Your answer should consist of the lines below that hold the word "signof".
══ SOURCE MATERIAL
lemma lagrange_interpolation:
  fixes w :: "nat \<Rightarrow> 'a \<Rightarrow> 'b \<Rightarrow> real"
  obtains W where "\<And>a b. polyfun (\<lambda>s. W s a b)" "\<And>x. x < m \<Longrightarrow> W (real x) = w x"
proof
  define L where "L x s = (\<Prod>y\<in>{..<m} - {x}. (s - real y) / (real x - real y))" for x s
  have L: "L y (real x) = (if y = x then 1 else 0)" if "y < m" "x < m" for x y
  proof (cases "y = x")
    case False
    then have "x \<in> {..<m} - {y}" using that by auto
    then show ?thesis unfolding L_def using False by (intro trans[OF prod_zero]) auto
  qed (simp add: L_def)
  show "polyfun (\<lambda>s. \<Sum>x<m. L x s * w x a b)" for a b
    unfolding L_def by (intro polyfun_sum polyfun_prod ballI polyfun_mult polyfun_divide_const
        polyfun_diff polyfun_id polyfun_const)
  show "(\<lambda>a b. \<Sum>y<m. L y (real x) * w y a b) = w x" if "x < m" for x
    using that by (simp add: L if_distrib[of "\<lambda>c. c * _"] cong: if_cong)
qed

definition polyfun_mat :: "(real \<Rightarrow> real mat) \<Rightarrow> nat \<Rightarrow> nat \<Rightarrow> bool" where
  "polyfun_mat A nr nc \<longleftrightarrow> (\<forall>s. A s \<in> carrier_mat nr nc) \<and> (\<forall>i<nr. \<forall>j<nc. polyfun (\<lambda>s. A s $$ (i, j)))"

lemma polyfun_mat_const: "A \<in> carrier_mat nr nc \<Longrightarrow> polyfun_mat (\<lambda>s. A) nr nc"
  unfolding polyfun_mat_def by simp

lemma polyfun_mat_add:
  assumes A: "polyfun_mat A nr nc" and B: "polyfun_mat B nr nc"
  shows "polyfun_mat (\<lambda>s. A s + B s) nr nc"
  unfolding polyfun_mat_def
proof (intro conjI allI impI)
  fix s show "A s + B s \<in> carrier_mat nr nc" using A B unfolding polyfun_mat_def by auto
next
  fix i j assume ij: "i < nr" "j < nc"
  have "(A s + B s) $$ (i, j) = A s $$ (i, j) + B s $$ (i, j)" for s
    using A B ij unfolding polyfun_mat_def by (metis carrier_matD index_add_mat(1))
  moreover have "polyfun (\<lambda>s. A s $$ (i, j) + B s $$ (i, j))"
    using A B ij unfolding polyfun_mat_def by (auto intro!: polyfun_add)
  ultimately show "polyfun (\<lambda>s. (A s + B s) $$ (i, j))" by simp
qed

lemma polyfun_mat_smult:
  assumes c: "polyfun c" and A: "polyfun_mat A nr nc"
  shows "polyfun_mat (\<lambda>s. c s \<cdot>\<^sub>m A s) nr nc"
  unfolding polyfun_mat_def
proof (intro conjI allI impI)
  fix s show "c s \<cdot>\<^sub>m A s \<in> carrier_mat nr nc" using A unfolding polyfun_mat_def by auto
next
  fix i j assume ij: "i < nr" "j < nc"
  have "(c s \<cdot>\<^sub>m A s) $$ (i, j) = c s * A s $$ (i, j)" for s
    using A ij unfolding polyfun_mat_def by (metis carrier_matD index_smult_mat(1))
  moreover have "polyfun (\<lambda>s. c s * A s $$ (i, j))"
    using c A ij unfolding polyfun_mat_def by (auto intro!: polyfun_mult)
  ultimately show "polyfun (\<lambda>s. (c s \<cdot>\<^sub>m A s) $$ (i, j))" by simp
qed

lemma polyfun_mat_mult:
  assumes A: "polyfun_mat A nr k" and B: "polyfun_mat B k nc"
  shows "polyfun_mat (\<lambda>s. A s * B s) nr nc"
  unfolding polyfun_mat_def
proof (intro conjI allI impI)
  fix s show "A s * B s \<in> carrier_mat nr nc" using A B unfolding polyfun_mat_def by (meson mult_carrier_mat)
next
  fix i j assume ij: "i < nr" "j < nc"
  have c: "A s \<in> carrier_mat nr k" "B s \<in> carrier_mat k nc" for s using A B unfolding polyfun_mat_def by auto
  have "(A s * B s) $$ (i, j) = (\<Sum>l\<in>{0..<k}. A s $$ (i, l) * B s $$ (l, j))" for s
    using c[of s] ij by (simp add: scalar_prod_def)
  moreover have "polyfun (\<lambda>s. \<Sum>l\<in>{0..<k}. A s $$ (i, l) * B s $$ (l, j))"
    using A B ij unfolding polyfun_mat_def by (auto intro!: polyfun_sum polyfun_mult)
  ultimately show "polyfun (\<lambda>s. (A s * B s) $$ (i, j))" by simp
qed

lemma polyfun_mat_pow:
  assumes A: "polyfun_mat A N N"
  shows "polyfun_mat (\<lambda>s. A s ^\<^sub>m k) N N"
proof (induction k)
  case 0
  have "A s ^\<^sub>m 0 = 1\<^sub>m N" for s using A unfolding polyfun_mat_def by auto
  then show ?case using polyfun_mat_const[OF one_carrier_mat] by simp
next
  case (Suc k)
  show ?case using polyfun_mat_mult[OF Suc.IH A] by simp
qed

lemma polyfun_det:
  assumes A: "polyfun_mat A N N"
  shows "polyfun (\<lambda>s. det (A s))"
proof -
  have "det (A s) = (\<Sum>p\<in>{p. p permutes {0..<N}}. signof p * (\<Prod>i=0..<N. A s $$ (i, p i)))" for s
  proof -
    have "A s \<in> carrier_mat N N" using A unfolding polyfun_mat_def by auto
    then show ?thesis unfolding det_def by simp
  qed
  moreover have "polyfun (\<lambda>s. \<Sum>p\<in>{p. p permutes {0..<N}}. signof p * (\<Prod>i=0..<N. A s $$ (i, p i)))"
  proof (intro polyfun_sum ballI polyfun_mult polyfun_const polyfun_prod)
    fix p i assume "p \<in> {p. p permutes {0..<N}}" and i: "i \<in> {0..<N}"
    then have "p i < N" using permutes_in_image[of p "{0..<N}" i] by auto
    then show "polyfun (\<lambda>s. A s $$ (i, p i))" using A i unfolding polyfun_mat_def by auto
  qed
  ultimately show ?thesis by simp
qed

lemma polyfun_det_ctrb_mat:
  assumes Z: "polyfun_mat Z N N" and G: "G \<in> carrier_mat N n" and N: "N = k * n"
  shows "polyfun (\<lambda>s. det (ctrb_mat (Z s) G k))"
proof (rule polyfun_det)
  have Zc: "Z s \<in> carrier_mat N N" for s using Z unfolding polyfun_mat_def by auto
  have blocks: "polyfun_mat (\<lambda>s. Z s ^\<^sub>m l * G) N n" for l
    by (rule polyfun_mat_mult[OF polyfun_mat_pow[OF Z] polyfun_mat_const[OF G]])
  show "polyfun_mat (\<lambda>s. ctrb_mat (Z s) G k) N N"
    unfolding polyfun_mat_def
  proof (intro conjI allI impI)
    show "ctrb_mat (Z s) G k \<in> carrier_mat N N" for s using ctrb_mat_carrier[OF Zc G] N by simp
    fix i j assume i: "i < N" and j: "j < N"
    then have "j < k * n" using N by simp
    then have "ctrb_mat (Z s) G k $$ (i, j) = (Z s ^\<^sub>m (j div n) * G) $$ (i, j mod n)" for s
      using index_ctrb_mat[OF Zc G i] by simp
    moreover have "j mod n < n" using j N by (cases n) auto
    ultimately show "polyfun (\<lambda>s. ctrb_mat (Z s) G k $$ (i, j))"
      using blocks[of "j div n"] i unfolding polyfun_mat_def by simp
  qed
qed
════
SOLUTION TO THE EXERCISE:
  have "det (A s) = (\<Sum>p\<in>{p. p permutes {0..<N}}. signof p * (\<Prod>i=0..<N. A s $$ (i, p i)))" for s
  moreover have "polyfun (\<lambda>s. \<Sum>p\<in>{p. p permutes {0..<N}}. signof p * (\<Prod>i=0..<N. A s $$ (i, p i)))"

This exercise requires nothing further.